lemma inj_on_cyclic_shift: "s < h \<Longrightarrow> inj_on (cyclic_shift h s) {1..h}"
  by (auto simp: inj_on_def cyclic_shift_def split: if_splits)

lemma bij_betw_cyclic_shift:
  assumes "j \<in> {1..h}"
  shows "bij_betw (\<lambda>s. cyclic_shift h s j) {..<h} {1..h}"
proof (rule bij_betwI')
  fix k assume "k \<in> {1..h}"
  then show "\<exists>s\<in>{..<h}. k = cyclic_shift h s j"
    using assms by (intro bexI[of _ "if j \<le> k then k - j else k + h - j"]) (auto simp: cyclic_shift_def)
qed (use assms in \<open>auto simp: cyclic_shift_def split: if_splits\<close>)

lemma prod_prod_eq_prod_cyclic_shifts:
  assumes "J \<subseteq> {1..h}"
  shows "(\<Prod>j\<in>J. \<Prod>k\<in>{1..h}. v j k) = (\<Prod>s<h. \<Prod>j\<in>J. v j (cyclic_shift h s j))"
proof -
  have "(\<Prod>s<h. \<Prod>j\<in>J. v j (cyclic_shift h s j)) = (\<Prod>j\<in>J. \<Prod>s<h. v j (cyclic_shift h s j))"
    by (rule prod.swap)
  also have "\<dots> = (\<Prod>j\<in>J. \<Prod>k\<in>{1..h}. v j k)"
    using assms by (intro prod.cong refl prod.reindex_bij_betw bij_betw_cyclic_shift) auto
  finally show ?thesis by simp
qed

lemma exists_factor_gt_of_power_card_less_prod:
  fixes f :: "'a \<Rightarrow> real"
  assumes "\<forall>s\<in>S. 0 \<le> f s" "0 \<le> \<epsilon>" "\<epsilon> ^ card S < prod f S"
  shows "\<exists>s\<in>S. \<epsilon> < f s"
proof (rule ccontr)
  assume "\<not> ?thesis"
  then have "prod f S \<le> (\<Prod>s\<in>S. \<epsilon>)"
    using assms(1) by (intro prod_mono) auto
  then show False using assms(3) by simp
qed

lemma exists_cyclic_shift_prod_gt:
  fixes w :: "nat \<Rightarrow> nat \<Rightarrow> real"
  assumes "\<forall>j\<in>{1..h}. \<forall>k\<in>{1..h}. 0 \<le> w j k" "0 \<le> \<epsilon>"
    and "\<epsilon> ^ h < (\<Prod>j\<in>{1..h}. \<Prod>k\<in>{1..h}. w j k)"
  shows "\<exists>s<h. \<epsilon> < (\<Prod>j\<in>{1..h}. w j (cyclic_shift h s j))"
proof -
  have large: "\<epsilon> ^ card {..<h} < (\<Prod>s<h. \<Prod>j\<in>{1..h}. w j (cyclic_shift h s j))"
    using assms(3) prod_prod_eq_prod_cyclic_shifts[of "{1..h}" h w] by simp
  have nonneg: "\<forall>s\<in>{..<h}. 0 \<le> (\<Prod>j\<in>{1..h}. w j (cyclic_shift h s j))"
  proof
    fix s assume "s \<in> {..<h}"
    then show "0 \<le> (\<Prod>j\<in>{1..h}. w j (cyclic_shift h s j))"
      using assms(1) cyclic_shift_in_range[of s h] by (intro prod_nonneg) simp
  qed
  obtain s where "s \<in> {..<h}" "\<epsilon> < (\<Prod>j\<in>{1..h}. w j (cyclic_shift h s j))"
    using exists_factor_gt_of_power_card_less_prod[OF nonneg assms(2) large] ..
  then show ?thesis by auto
qed

lemma exists_inj_prod_gt_of_antimono_rows:
  fixes t :: "nat \<Rightarrow> nat \<Rightarrow> 'a" and g :: "nat \<Rightarrow> 'a \<Rightarrow> real"
  assumes inj: "\<forall>j\<in>{1..h}. inj_on (t j) {1..h}"
    and antimono: "\<forall>j\<in>{1..h}. \<forall>k\<in>{1..h}. \<forall>k'\<in>{1..h}. k \<le> k' \<longrightarrow> g j (t j k') \<le> g j (t j k)"
    and nonneg: "\<forall>j\<in>{1..h}. \<forall>k\<in>{1..h}. 0 \<le> g j (t j k)"
    and "0 \<le> \<epsilon>" "\<epsilon> ^ h < (\<Prod>j\<in>{1..h}. \<Prod>k\<in>{1..h}. g j (t j k))"
  shows "\<exists>a. inj_on a {1..h} \<and> (\<forall>j\<in>{1..h}. a j \<in> t j ` {1..h}) \<and> \<epsilon> < (\<Prod>j\<in>{1..h}. g j (a j))"
proof -
  obtain s where "s < h" and s: "\<epsilon> < (\<Prod>j\<in>{1..h}. g j (t j (cyclic_shift h s j)))"
    using exists_cyclic_shift_prod_gt[of h "\<lambda>j k. g j (t j k)"] nonneg assms(4,5) by blast
  define \<sigma> where "\<sigma> = cyclic_shift h s"
  have \<sigma>_in: "\<sigma> j \<in> {1..h}" if "j \<in> {1..h}" for j
    using cyclic_shift_in_range[OF \<open>s < h\<close> that] by (simp add: \<sigma>_def)
  have choices: "\<forall>j\<in>{1..h}. 0 < \<sigma> j \<and> \<sigma> j \<le> card (t j ` {1..\<sigma> j})"
  proof
    fix j assume j: "j \<in> {1..h}"
    then have "{1..\<sigma> j} \<subseteq> {1..h}" using \<sigma>_in by auto
    with j inj have "inj_on (t j) {1..\<sigma> j}" by (blast intro: inj_on_subset)
    then show "0 < \<sigma> j \<and> \<sigma> j \<le> card (t j ` {1..\<sigma> j})"
      using \<sigma>_in[OF j] by (simp add: card_image)
  qed
  have "inj_on \<sigma> {1..h}"
    using inj_on_cyclic_shift[OF \<open>s < h\<close>] by (simp add: \<sigma>_def)
  then obtain a where a: "inj_on a {1..h}" "\<forall>j\<in>{1..h}. a j \<in> t j ` {1..\<sigma> j}"
    using exists_inj_on_choice[OF finite_atLeastAtMost _ choices] by blast
  have a_ge: "a j \<in> t j ` {1..h} \<and> g j (t j (\<sigma> j)) \<le> g j (a j)" if "j \<in> {1..h}" for j
  proof -
    have "a j \<in> t j ` {1..\<sigma> j}" using a(2) that ..
    then obtain k where k: "a j = t j k" "k \<in> {1..\<sigma> j}" by (rule imageE)
    moreover have "k \<in> {1..h}" using k(2) \<sigma>_in[OF that] by simp
    ultimately show ?thesis
      using antimono that \<sigma>_in[OF that] by simp
  qed
  have "(\<Prod>j\<in>{1..h}. g j (t j (\<sigma> j))) \<le> (\<Prod>j\<in>{1..h}. g j (a j))"
    using a_ge nonneg \<sigma>_in by (intro prod_mono) simp
  then show ?thesis using a(1) a_ge s by (auto simp: \<sigma>_def)
qed

lemma threshold_bounds:
  fixes \<beta> \<epsilon> :: real
  assumes "0 < \<beta>" "real h * \<beta> < 1" "2 ^ h * \<beta> / (1 - real h * \<beta>) \<le> \<epsilon>" "\<epsilon> < 1"
  shows "2 ^ h * \<beta> \<le> \<epsilon>" "3 * real h * \<beta> \<le> 1"
proof -
  have "0 < 1 - real h * \<beta>" using assms(2) by simp
  have "2 ^ h * \<beta> * (1 - real h * \<beta>) \<le> 2 ^ h * \<beta>"
    using assms(1) by (intro mult_left_le) auto
  then have "2 ^ h * \<beta> \<le> 2 ^ h * \<beta> / (1 - real h * \<beta>)"
    using \<open>0 < 1 - real h * \<beta>\<close> by (simp add: le_divide_eq)
  then show "2 ^ h * \<beta> \<le> \<epsilon>" using assms(3) by linarith
  have "2 ^ h * \<beta> / (1 - real h * \<beta>) < 1" using assms(3,4) by linarith
  then have "2 ^ h * \<beta> < 1 - real h * \<beta>"
    using pos_divide_less_eq[OF \<open>0 < 1 - real h * \<beta>\<close>] by simp
  moreover have "real (2 * h) \<le> 2 ^ h"
    using double_le_power_two[of h] by (metis of_nat_le_iff of_nat_numeral of_nat_power)
  then have "2 * real h * \<beta> \<le> 2 ^ h * \<beta>"
    using assms(1) by (intro mult_right_mono) auto
  ultimately show "3 * real h * \<beta> \<le> 1" by linarith
qed

lemma prod_le_factor:
  fixes e :: "'a \<Rightarrow> real"
  assumes "finite J" "j \<in> J" "\<forall>i\<in>J. 0 \<le> e i \<and> e i \<le> 1"
  shows "prod e J \<le> e j"
proof -
  have "prod e J = e j * prod e (J - {j})"
    using assms(1,2) by (rule prod.remove)
  also have "\<dots> \<le> e j * 1"
    using assms by (intro mult_left_mono prod_le_1) auto
  finally show ?thesis by simp
qed

lemma sum_weighted_in_unit_interval:
  fixes p f :: "'a \<Rightarrow> real"
  assumes "\<forall>a\<in>A. 0 \<le> p a" "sum p A = 1" "\<forall>a\<in>A. 0 \<le> f a \<and> f a \<le> 1"
  shows "0 \<le> (\<Sum>a\<in>A. p a * f a) \<and> (\<Sum>a\<in>A. p a * f a) \<le> 1"
proof
  show "0 \<le> (\<Sum>a\<in>A. p a * f a)" using assms by (intro sum_nonneg mult_nonneg_nonneg) auto
  have "(\<Sum>a\<in>A. p a * f a) \<le> sum p A" using assms by (intro sum_mono mult_left_le) auto
  then show "(\<Sum>a\<in>A. p a * f a) \<le> 1" using assms(2) by simp
qed

lemma le_card_of_bounded_weights:
  fixes p :: "'a \<Rightarrow> real"
  assumes "\<forall>a\<in>A. p a \<le> \<beta>" "sum p A = 1" "real h * \<beta> < 1"
  shows "h \<le> card A"
proof -
  have "1 \<le> real (card A) * \<beta>"
    using sum_bounded_above[of A p \<beta>] assms(1,2) by simp
  moreover have "0 < \<beta>"
  proof (rule ccontr)
    assume "\<not> 0 < \<beta>"
    then have "real (card A) * \<beta> \<le> 0" by (simp add: mult_nonneg_nonpos)
    then show False using \<open>1 \<le> real (card A) * \<beta>\<close> by linarith
  qed
  moreover have "real h * \<beta> < real (card A) * \<beta>"
    using \<open>1 \<le> real (card A) * \<beta>\<close> assms(3) by linarith
  ultimately show ?thesis using mult_right_less_imp_less by fastforce
qed

lemma exists_distinct_points_prod_gt_of_means_gt:
  fixes p :: "'a \<Rightarrow> real" and f :: "nat \<Rightarrow> 'a \<Rightarrow> real"
  assumes A: "finite A" "h \<le> card A" "1 \<le> h"
    and \<beta>: "0 < \<beta>" "3 * real h * \<beta> \<le> 1"
    and p: "\<forall>a\<in>A. 0 \<le> p a \<and> p a \<le> \<beta>" "sum p A = 1"
    and f: "\<forall>j\<in>{1..h}. \<forall>a\<in>A. 0 \<le> f j a \<and> f j a \<le> 1"
    and means: "\<forall>j\<in>{1..h}. 2 ^ h * \<beta> < (\<Sum>a\<in>A. p a * f j a)"
    and \<epsilon>: "0 \<le> \<epsilon>" "\<epsilon> ^ h < (\<Prod>j\<in>{1..h}. (\<Sum>a\<in>A. p a * f j a) ^ h)"
  shows "\<exists>a. (\<forall>j\<in>{1..h}. a j \<in> A) \<and> inj_on a {1..h} \<and> \<epsilon> < (\<Prod>j\<in>{1..h}. f j (a j))"
proof -
  have "\<forall>j\<in>{1..h}. \<exists>t. t ` {1..h} \<subseteq> A \<and> inj_on t {1..h}
           \<and> (\<forall>k\<in>{1..h}. \<forall>k'\<in>{1..h}. k \<le> k' \<longrightarrow> f j (t k') \<le> f j (t k))
           \<and> (\<Sum>a\<in>A. p a * f j a) ^ h \<le> (\<Prod>k\<in>{1..h}. f j (t k))"
    using exists_top_elements_power_le_prod[OF A \<beta> p] f means by simp
  then obtain t where t: "\<forall>j\<in>{1..h}. t j ` {1..h} \<subseteq> A \<and> inj_on (t j) {1..h}
           \<and> (\<forall>k\<in>{1..h}. \<forall>k'\<in>{1..h}. k \<le> k' \<longrightarrow> f j (t j k') \<le> f j (t j k))
           \<and> (\<Sum>a\<in>A. p a * f j a) ^ h \<le> (\<Prod>k\<in>{1..h}. f j (t j k))"
    by (rule bchoice[elim_format]) blast
  have t_A: "\<forall>j\<in>{1..h}. t j ` {1..h} \<subseteq> A"
    and t_inj: "\<forall>j\<in>{1..h}. inj_on (t j) {1..h}"
    and t_antimono: "\<forall>j\<in>{1..h}. \<forall>k\<in>{1..h}. \<forall>k'\<in>{1..h}. k \<le> k' \<longrightarrow> f j (t j k') \<le> f j (t j k)"
    and t_rows: "\<forall>j\<in>{1..h}. (\<Sum>a\<in>A. p a * f j a) ^ h \<le> (\<Prod>k\<in>{1..h}. f j (t j k))"
    using t by blast+
  have t_nonneg: "\<forall>j\<in>{1..h}. \<forall>k\<in>{1..h}. 0 \<le> f j (t j k)"
    using t_A f by blast
  have "0 < 2 ^ h * \<beta>" using \<beta>(1) by simp
  then have means_nonneg: "0 \<le> (\<Sum>a\<in>A. p a * f j a)" if "j \<in> {1..h}" for j
    using bspec[OF means that] by linarith
  have "(\<Prod>j\<in>{1..h}. (\<Sum>a\<in>A. p a * f j a) ^ h) \<le> (\<Prod>j\<in>{1..h}. \<Prod>k\<in>{1..h}. f j (t j k))"
    using t_rows means_nonneg by (intro prod_mono) simp
  then have "\<epsilon> ^ h < (\<Prod>j\<in>{1..h}. \<Prod>k\<in>{1..h}. f j (t j k))"
    using \<epsilon>(2) by linarith
  then obtain a where "inj_on a {1..h}" and a_rows: "\<forall>j\<in>{1..h}. a j \<in> t j ` {1..h}"
    and "\<epsilon> < (\<Prod>j\<in>{1..h}. f j (a j))"
    using exists_inj_prod_gt_of_antimono_rows[OF t_inj t_antimono t_nonneg \<epsilon>(1)] by blast
  moreover have "\<forall>j\<in>{1..h}. a j \<in> A"
  proof
    fix j assume "j \<in> {1..h}"
    then show "a j \<in> A" using a_rows t_A by blast
  qed
  ultimately show ?thesis by blast
qed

| Exercise |
Reproduce only the lines from the top of the material through the one bearing "S \<le> (\<Prod>s\<in>S.", each exactly as it stands.

| Your solution |
lemma inj_on_cyclic_shift: "s < h \<Longrightarrow> inj_on (cyclic_shift h s) {1..h}"
  by (auto simp: inj_on_def cyclic_shift_def split: if_splits)

lemma bij_betw_cyclic_shift:
  assumes "j \<in> {1..h}"
  shows "bij_betw (\<lambda>s. cyclic_shift h s j) {..<h} {1..h}"
proof (rule bij_betwI')
  fix k assume "k \<in> {1..h}"
  then show "\<exists>s\<in>{..<h}. k = cyclic_shift h s j"
    using assms by (intro bexI[of _ "if j \<le> k then k - j else k + h - j"]) (auto simp: cyclic_shift_def)
qed (use assms in \<open>auto simp: cyclic_shift_def split: if_splits\<close>)

lemma prod_prod_eq_prod_cyclic_shifts:
  assumes "J \<subseteq> {1..h}"
  shows "(\<Prod>j\<in>J. \<Prod>k\<in>{1..h}. v j k) = (\<Prod>s<h. \<Prod>j\<in>J. v j (cyclic_shift h s j))"
proof -
  have "(\<Prod>s<h. \<Prod>j\<in>J. v j (cyclic_shift h s j)) = (\<Prod>j\<in>J. \<Prod>s<h. v j (cyclic_shift h s j))"
    by (rule prod.swap)
  also have "\<dots> = (\<Prod>j\<in>J. \<Prod>k\<in>{1..h}. v j k)"
    using assms by (intro prod.cong refl prod.reindex_bij_betw bij_betw_cyclic_shift) auto
  finally show ?thesis by simp
qed

lemma exists_factor_gt_of_power_card_less_prod:
  fixes f :: "'a \<Rightarrow> real"
  assumes "\<forall>s\<in>S. 0 \<le> f s" "0 \<le> \<epsilon>" "\<epsilon> ^ card S < prod f S"
  shows "\<exists>s\<in>S. \<epsilon> < f s"
proof (rule ccontr)
  assume "\<not> ?thesis"
  then have "prod f S \<le> (\<Prod>s\<in>S. \<epsilon>)"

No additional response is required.